TASK OBJECTIVE
Only lines below containing the string "finally" should be counted; please give that count by itself.

= Beginning of Section =

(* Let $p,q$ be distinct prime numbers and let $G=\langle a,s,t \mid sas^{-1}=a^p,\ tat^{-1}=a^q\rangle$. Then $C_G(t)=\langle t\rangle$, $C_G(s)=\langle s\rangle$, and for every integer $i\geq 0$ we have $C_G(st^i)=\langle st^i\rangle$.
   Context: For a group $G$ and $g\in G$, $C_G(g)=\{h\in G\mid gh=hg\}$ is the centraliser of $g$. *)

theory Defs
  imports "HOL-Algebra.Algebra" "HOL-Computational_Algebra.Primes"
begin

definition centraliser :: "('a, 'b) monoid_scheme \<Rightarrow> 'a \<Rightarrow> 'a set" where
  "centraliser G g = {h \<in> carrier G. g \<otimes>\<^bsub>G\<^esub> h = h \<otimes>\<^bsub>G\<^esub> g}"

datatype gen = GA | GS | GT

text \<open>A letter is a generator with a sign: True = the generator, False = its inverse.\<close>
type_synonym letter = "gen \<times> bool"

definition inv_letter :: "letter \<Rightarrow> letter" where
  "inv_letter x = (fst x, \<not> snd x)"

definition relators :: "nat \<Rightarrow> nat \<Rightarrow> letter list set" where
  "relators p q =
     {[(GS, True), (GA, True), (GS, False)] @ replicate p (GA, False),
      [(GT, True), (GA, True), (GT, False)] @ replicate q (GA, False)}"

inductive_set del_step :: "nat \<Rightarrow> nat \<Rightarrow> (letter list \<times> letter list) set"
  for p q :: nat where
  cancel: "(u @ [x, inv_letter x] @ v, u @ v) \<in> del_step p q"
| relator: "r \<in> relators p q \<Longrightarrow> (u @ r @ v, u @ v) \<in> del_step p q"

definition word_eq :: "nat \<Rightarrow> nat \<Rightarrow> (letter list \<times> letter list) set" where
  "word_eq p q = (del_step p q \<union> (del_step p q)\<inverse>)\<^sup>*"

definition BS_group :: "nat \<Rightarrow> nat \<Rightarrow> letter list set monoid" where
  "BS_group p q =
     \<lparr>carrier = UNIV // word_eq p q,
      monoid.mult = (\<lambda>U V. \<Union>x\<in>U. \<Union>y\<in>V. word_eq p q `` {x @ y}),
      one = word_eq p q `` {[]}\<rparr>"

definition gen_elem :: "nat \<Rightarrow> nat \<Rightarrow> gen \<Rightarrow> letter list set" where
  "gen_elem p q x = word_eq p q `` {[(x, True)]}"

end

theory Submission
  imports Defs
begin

= End of Section =
= Beginning of Section =

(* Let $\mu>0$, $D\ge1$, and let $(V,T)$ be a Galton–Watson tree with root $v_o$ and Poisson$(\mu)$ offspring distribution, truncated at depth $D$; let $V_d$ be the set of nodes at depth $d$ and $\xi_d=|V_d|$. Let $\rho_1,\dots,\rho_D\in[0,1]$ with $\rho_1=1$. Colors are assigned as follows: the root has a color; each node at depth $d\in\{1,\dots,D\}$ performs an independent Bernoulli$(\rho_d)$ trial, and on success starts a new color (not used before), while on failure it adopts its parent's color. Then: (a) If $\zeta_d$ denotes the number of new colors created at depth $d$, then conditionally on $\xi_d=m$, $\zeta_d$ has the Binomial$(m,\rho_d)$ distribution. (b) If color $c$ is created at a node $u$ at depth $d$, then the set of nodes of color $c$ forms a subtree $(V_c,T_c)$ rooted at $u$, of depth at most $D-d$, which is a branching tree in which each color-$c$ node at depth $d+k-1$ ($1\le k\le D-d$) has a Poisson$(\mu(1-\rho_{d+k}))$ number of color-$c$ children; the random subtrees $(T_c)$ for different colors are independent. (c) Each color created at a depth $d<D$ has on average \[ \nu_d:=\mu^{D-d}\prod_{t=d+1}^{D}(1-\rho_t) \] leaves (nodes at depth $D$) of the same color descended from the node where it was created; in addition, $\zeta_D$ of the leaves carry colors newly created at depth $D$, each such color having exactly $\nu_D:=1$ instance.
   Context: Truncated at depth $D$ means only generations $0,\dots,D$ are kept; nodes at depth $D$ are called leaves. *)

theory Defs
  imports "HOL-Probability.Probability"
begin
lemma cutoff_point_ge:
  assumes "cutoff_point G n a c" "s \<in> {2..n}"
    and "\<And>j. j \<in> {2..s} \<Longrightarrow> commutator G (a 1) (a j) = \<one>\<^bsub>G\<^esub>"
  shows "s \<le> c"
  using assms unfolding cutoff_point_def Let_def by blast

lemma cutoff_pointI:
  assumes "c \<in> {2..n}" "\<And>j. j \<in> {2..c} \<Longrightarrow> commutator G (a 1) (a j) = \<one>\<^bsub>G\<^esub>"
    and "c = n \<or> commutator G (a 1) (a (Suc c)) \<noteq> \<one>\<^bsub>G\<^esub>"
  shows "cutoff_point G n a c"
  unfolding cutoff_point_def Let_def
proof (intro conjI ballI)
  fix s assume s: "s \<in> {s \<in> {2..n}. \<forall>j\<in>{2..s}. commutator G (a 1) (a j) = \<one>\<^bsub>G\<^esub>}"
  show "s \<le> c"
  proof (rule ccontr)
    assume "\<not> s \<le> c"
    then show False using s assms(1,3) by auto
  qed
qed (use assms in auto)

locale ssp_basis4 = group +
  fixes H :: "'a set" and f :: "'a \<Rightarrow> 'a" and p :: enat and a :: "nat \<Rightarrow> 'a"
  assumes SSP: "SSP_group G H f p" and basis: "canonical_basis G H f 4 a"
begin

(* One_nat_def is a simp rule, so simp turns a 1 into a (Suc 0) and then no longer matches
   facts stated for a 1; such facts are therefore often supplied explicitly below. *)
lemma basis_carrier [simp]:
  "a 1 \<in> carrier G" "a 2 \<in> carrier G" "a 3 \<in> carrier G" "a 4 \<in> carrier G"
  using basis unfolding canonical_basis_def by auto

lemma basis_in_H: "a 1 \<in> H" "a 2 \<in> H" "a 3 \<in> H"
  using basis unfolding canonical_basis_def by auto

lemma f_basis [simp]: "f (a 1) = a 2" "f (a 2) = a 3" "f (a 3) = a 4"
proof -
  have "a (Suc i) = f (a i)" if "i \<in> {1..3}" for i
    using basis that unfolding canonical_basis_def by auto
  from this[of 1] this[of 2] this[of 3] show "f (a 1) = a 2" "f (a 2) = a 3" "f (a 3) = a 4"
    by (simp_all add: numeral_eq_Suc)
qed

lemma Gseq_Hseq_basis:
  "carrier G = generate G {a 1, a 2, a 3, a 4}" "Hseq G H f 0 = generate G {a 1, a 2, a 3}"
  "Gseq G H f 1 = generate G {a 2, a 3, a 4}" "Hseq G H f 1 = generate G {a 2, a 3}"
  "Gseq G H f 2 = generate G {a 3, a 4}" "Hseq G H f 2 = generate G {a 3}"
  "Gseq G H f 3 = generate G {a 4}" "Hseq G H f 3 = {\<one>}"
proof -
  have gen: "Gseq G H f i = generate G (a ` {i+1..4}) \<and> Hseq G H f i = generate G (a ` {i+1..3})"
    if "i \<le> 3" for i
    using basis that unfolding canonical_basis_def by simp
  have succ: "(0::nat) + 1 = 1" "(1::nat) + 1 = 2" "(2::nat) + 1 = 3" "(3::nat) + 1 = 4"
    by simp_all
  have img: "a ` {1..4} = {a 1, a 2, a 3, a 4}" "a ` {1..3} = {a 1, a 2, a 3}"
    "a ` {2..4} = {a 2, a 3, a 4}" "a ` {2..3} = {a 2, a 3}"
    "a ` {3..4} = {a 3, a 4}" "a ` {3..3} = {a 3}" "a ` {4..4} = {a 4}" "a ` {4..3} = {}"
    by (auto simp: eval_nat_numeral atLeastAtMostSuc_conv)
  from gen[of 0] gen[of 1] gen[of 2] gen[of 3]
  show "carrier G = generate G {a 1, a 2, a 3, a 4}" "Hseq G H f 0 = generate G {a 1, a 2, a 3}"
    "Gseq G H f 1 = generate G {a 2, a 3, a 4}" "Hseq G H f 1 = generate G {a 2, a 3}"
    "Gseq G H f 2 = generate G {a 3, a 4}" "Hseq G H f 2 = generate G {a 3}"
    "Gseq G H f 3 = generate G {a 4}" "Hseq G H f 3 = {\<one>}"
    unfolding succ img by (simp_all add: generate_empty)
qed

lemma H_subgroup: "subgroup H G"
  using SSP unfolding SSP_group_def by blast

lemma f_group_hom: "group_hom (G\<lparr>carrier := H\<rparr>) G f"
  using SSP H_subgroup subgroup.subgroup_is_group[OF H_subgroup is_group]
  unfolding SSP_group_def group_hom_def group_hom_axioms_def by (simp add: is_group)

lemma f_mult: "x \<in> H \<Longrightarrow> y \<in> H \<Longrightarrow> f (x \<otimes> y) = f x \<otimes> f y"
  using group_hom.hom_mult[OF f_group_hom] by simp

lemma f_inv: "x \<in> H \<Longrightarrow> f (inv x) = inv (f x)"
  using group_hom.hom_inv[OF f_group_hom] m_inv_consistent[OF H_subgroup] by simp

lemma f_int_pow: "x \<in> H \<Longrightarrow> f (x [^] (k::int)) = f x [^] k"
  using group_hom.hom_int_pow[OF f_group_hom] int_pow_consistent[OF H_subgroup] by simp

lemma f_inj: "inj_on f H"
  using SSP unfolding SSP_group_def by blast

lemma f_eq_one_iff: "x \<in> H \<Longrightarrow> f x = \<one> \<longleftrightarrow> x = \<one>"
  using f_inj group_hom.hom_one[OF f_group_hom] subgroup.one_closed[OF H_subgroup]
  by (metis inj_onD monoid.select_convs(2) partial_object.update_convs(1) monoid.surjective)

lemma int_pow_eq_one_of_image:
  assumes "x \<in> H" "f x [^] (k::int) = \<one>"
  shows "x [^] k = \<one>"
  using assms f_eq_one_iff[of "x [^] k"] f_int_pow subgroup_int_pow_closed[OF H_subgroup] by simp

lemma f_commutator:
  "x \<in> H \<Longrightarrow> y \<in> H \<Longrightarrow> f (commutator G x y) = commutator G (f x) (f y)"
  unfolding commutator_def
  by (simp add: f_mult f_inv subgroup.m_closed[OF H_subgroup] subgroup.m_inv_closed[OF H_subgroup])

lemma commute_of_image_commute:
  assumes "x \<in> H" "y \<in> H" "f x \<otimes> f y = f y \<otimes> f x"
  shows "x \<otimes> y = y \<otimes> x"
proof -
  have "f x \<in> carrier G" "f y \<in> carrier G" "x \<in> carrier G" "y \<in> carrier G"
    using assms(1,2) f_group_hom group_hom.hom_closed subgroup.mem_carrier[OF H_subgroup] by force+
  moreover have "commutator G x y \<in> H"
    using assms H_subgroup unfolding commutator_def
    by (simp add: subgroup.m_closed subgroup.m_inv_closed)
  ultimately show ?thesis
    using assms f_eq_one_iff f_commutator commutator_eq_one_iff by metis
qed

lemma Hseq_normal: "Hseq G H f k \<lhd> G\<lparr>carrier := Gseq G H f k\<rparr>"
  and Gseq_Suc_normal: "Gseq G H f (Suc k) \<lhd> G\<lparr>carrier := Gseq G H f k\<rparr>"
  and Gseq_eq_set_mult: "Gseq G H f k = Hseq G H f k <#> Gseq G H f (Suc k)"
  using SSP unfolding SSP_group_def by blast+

= End of Section =
= Beginning of Section =

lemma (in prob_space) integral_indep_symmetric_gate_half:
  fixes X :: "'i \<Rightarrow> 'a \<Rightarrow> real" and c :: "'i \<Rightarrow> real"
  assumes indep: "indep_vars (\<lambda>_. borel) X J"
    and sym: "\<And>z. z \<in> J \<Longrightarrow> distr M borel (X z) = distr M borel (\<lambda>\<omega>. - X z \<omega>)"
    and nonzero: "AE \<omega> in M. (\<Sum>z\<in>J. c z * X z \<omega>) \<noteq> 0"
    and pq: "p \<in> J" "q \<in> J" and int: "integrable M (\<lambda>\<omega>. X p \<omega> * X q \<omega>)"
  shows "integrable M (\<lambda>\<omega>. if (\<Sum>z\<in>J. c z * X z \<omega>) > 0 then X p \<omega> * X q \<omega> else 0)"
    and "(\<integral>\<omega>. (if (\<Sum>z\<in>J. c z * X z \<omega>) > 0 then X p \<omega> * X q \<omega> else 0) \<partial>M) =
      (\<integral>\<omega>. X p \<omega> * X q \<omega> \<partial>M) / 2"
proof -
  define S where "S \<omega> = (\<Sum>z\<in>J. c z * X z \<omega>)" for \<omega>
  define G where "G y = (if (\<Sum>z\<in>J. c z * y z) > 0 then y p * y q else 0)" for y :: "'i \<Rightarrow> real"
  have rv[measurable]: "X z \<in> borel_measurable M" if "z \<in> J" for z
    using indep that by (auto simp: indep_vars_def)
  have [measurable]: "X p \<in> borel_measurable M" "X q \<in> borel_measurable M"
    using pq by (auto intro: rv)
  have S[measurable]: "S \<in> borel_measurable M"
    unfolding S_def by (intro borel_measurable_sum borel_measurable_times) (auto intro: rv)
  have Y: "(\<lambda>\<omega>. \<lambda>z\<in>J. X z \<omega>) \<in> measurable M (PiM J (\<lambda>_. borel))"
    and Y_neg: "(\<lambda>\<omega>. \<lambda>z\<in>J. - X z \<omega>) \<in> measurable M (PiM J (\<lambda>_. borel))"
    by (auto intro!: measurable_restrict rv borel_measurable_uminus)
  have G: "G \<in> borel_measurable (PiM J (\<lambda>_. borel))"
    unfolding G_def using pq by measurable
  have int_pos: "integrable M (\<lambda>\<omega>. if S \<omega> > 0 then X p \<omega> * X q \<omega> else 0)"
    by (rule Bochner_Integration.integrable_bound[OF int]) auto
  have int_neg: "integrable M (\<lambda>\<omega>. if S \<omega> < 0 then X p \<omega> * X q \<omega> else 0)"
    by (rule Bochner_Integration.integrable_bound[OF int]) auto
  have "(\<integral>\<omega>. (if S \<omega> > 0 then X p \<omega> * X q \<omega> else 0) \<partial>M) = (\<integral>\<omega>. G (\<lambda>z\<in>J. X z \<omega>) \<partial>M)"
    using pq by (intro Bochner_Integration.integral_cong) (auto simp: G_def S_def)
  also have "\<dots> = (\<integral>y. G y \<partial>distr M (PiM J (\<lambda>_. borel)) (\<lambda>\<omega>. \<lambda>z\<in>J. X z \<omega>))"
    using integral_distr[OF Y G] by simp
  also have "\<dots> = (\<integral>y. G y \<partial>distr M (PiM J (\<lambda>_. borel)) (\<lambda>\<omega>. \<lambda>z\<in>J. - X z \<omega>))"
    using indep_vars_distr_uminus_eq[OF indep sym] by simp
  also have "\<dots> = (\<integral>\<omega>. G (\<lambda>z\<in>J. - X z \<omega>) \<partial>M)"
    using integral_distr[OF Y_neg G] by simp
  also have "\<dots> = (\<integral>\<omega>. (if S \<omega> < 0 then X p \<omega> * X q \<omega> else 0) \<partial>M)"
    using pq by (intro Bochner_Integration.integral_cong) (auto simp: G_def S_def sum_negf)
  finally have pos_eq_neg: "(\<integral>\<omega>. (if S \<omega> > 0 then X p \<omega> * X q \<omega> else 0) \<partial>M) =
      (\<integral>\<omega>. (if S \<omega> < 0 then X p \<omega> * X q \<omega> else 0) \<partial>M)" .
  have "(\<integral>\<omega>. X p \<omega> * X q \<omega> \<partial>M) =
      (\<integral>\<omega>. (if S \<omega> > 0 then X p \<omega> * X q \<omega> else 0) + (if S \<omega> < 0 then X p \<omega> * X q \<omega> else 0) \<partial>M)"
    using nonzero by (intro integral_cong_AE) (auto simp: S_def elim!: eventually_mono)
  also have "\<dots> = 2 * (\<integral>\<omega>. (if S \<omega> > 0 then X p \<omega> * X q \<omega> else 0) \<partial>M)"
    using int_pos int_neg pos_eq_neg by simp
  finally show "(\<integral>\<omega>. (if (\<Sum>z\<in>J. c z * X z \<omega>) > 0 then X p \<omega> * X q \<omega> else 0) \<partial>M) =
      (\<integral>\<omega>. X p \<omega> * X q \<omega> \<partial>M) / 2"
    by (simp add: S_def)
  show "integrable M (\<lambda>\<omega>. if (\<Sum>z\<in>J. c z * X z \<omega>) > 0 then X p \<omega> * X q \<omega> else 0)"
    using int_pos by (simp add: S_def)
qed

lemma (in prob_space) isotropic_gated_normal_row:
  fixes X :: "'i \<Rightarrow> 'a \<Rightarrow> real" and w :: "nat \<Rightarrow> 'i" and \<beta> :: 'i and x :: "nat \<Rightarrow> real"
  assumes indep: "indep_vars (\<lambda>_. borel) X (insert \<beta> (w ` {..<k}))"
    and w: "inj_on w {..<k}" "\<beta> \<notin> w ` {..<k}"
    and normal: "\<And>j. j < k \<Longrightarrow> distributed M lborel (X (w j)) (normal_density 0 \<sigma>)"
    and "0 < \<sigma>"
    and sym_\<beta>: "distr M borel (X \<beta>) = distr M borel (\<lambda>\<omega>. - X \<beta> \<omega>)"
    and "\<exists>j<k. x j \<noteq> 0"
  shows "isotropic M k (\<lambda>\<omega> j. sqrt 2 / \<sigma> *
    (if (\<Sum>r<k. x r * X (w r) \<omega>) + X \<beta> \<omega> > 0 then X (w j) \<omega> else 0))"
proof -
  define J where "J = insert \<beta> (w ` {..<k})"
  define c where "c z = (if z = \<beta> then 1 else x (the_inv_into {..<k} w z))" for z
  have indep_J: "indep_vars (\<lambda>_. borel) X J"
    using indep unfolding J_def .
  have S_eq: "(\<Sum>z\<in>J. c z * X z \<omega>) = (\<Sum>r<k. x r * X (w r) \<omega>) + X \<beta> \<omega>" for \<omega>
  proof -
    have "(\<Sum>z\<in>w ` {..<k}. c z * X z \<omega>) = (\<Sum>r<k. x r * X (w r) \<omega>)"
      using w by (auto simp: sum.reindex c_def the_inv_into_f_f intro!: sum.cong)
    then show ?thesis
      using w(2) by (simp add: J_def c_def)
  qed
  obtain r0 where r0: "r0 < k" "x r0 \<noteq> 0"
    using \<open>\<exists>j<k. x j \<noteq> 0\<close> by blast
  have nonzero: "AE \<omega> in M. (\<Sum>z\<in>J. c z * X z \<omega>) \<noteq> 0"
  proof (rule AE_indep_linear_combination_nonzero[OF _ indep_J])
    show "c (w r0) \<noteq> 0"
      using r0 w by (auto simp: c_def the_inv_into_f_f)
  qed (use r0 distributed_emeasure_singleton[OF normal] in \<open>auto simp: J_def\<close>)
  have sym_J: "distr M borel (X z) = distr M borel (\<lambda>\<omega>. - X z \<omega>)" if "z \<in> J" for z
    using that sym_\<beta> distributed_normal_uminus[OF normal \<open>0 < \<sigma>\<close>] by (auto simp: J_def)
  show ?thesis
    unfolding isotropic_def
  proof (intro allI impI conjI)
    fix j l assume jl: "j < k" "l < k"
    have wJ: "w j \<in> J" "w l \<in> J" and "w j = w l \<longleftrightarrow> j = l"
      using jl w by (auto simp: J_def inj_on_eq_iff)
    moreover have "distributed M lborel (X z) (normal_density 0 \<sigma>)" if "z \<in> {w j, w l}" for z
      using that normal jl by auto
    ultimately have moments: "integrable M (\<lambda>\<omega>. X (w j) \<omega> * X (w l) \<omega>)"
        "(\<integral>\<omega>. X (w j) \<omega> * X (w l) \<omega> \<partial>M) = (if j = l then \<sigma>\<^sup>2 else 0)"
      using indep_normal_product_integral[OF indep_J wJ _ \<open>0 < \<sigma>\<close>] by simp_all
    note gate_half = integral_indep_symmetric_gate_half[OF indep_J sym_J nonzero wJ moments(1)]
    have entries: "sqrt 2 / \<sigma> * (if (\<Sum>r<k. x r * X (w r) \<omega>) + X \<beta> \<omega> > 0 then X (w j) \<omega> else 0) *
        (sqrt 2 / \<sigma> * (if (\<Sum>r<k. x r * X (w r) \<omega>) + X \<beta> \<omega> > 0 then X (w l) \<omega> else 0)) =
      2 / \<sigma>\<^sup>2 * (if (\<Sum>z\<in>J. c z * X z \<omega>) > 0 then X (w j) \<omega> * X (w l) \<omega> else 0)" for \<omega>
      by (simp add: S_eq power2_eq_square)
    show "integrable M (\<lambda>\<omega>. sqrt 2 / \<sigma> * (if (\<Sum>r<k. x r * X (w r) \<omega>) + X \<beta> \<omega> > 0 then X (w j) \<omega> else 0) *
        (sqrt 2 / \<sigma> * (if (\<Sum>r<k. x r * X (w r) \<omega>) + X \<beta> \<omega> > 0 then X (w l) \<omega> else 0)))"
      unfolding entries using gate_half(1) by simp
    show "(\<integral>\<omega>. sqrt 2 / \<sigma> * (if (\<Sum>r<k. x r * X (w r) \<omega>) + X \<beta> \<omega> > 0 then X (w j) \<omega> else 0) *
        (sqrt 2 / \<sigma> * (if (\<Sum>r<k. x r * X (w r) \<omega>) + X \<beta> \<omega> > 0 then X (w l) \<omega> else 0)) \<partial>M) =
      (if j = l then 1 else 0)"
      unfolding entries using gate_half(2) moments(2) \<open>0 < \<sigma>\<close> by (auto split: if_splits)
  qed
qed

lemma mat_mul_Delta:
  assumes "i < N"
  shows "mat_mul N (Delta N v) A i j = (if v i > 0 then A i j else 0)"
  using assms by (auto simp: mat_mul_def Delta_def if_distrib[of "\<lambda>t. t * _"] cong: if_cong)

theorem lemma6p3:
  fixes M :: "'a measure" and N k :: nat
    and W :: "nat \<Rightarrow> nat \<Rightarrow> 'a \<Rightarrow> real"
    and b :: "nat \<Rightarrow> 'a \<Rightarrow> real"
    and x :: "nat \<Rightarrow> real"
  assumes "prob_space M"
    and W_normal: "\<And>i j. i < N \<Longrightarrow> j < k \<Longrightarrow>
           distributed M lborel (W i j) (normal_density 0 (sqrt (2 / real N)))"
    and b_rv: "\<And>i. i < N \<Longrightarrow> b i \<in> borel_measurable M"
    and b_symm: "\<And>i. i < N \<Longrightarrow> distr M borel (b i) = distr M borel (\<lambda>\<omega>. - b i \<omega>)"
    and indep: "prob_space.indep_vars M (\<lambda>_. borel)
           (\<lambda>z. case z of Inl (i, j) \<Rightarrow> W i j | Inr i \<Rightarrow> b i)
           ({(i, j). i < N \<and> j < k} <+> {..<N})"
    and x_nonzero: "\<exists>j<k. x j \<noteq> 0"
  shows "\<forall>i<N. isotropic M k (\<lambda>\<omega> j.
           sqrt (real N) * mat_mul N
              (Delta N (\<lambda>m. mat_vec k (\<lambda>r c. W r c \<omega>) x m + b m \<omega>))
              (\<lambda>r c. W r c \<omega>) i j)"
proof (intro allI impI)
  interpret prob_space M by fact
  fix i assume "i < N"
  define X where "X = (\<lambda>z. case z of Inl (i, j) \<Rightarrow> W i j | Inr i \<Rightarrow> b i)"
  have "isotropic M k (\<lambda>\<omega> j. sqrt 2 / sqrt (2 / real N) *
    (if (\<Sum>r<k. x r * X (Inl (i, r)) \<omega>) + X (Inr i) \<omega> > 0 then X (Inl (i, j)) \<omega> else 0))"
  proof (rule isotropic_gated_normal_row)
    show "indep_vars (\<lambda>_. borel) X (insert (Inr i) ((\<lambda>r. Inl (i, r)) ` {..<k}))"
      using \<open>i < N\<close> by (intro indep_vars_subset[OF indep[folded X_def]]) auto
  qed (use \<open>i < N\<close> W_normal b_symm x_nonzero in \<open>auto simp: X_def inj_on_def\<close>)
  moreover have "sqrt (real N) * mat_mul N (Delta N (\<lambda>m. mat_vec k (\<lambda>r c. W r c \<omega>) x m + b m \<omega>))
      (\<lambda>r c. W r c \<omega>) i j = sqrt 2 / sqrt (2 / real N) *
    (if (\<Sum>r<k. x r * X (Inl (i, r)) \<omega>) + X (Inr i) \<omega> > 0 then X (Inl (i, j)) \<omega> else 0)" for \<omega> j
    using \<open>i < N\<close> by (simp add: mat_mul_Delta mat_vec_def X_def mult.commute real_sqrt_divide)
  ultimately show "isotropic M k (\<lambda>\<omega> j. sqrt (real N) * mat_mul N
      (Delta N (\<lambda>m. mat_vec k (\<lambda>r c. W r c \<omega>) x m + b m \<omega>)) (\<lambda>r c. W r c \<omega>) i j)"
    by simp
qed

= End of Section =

ANSWER BOX
2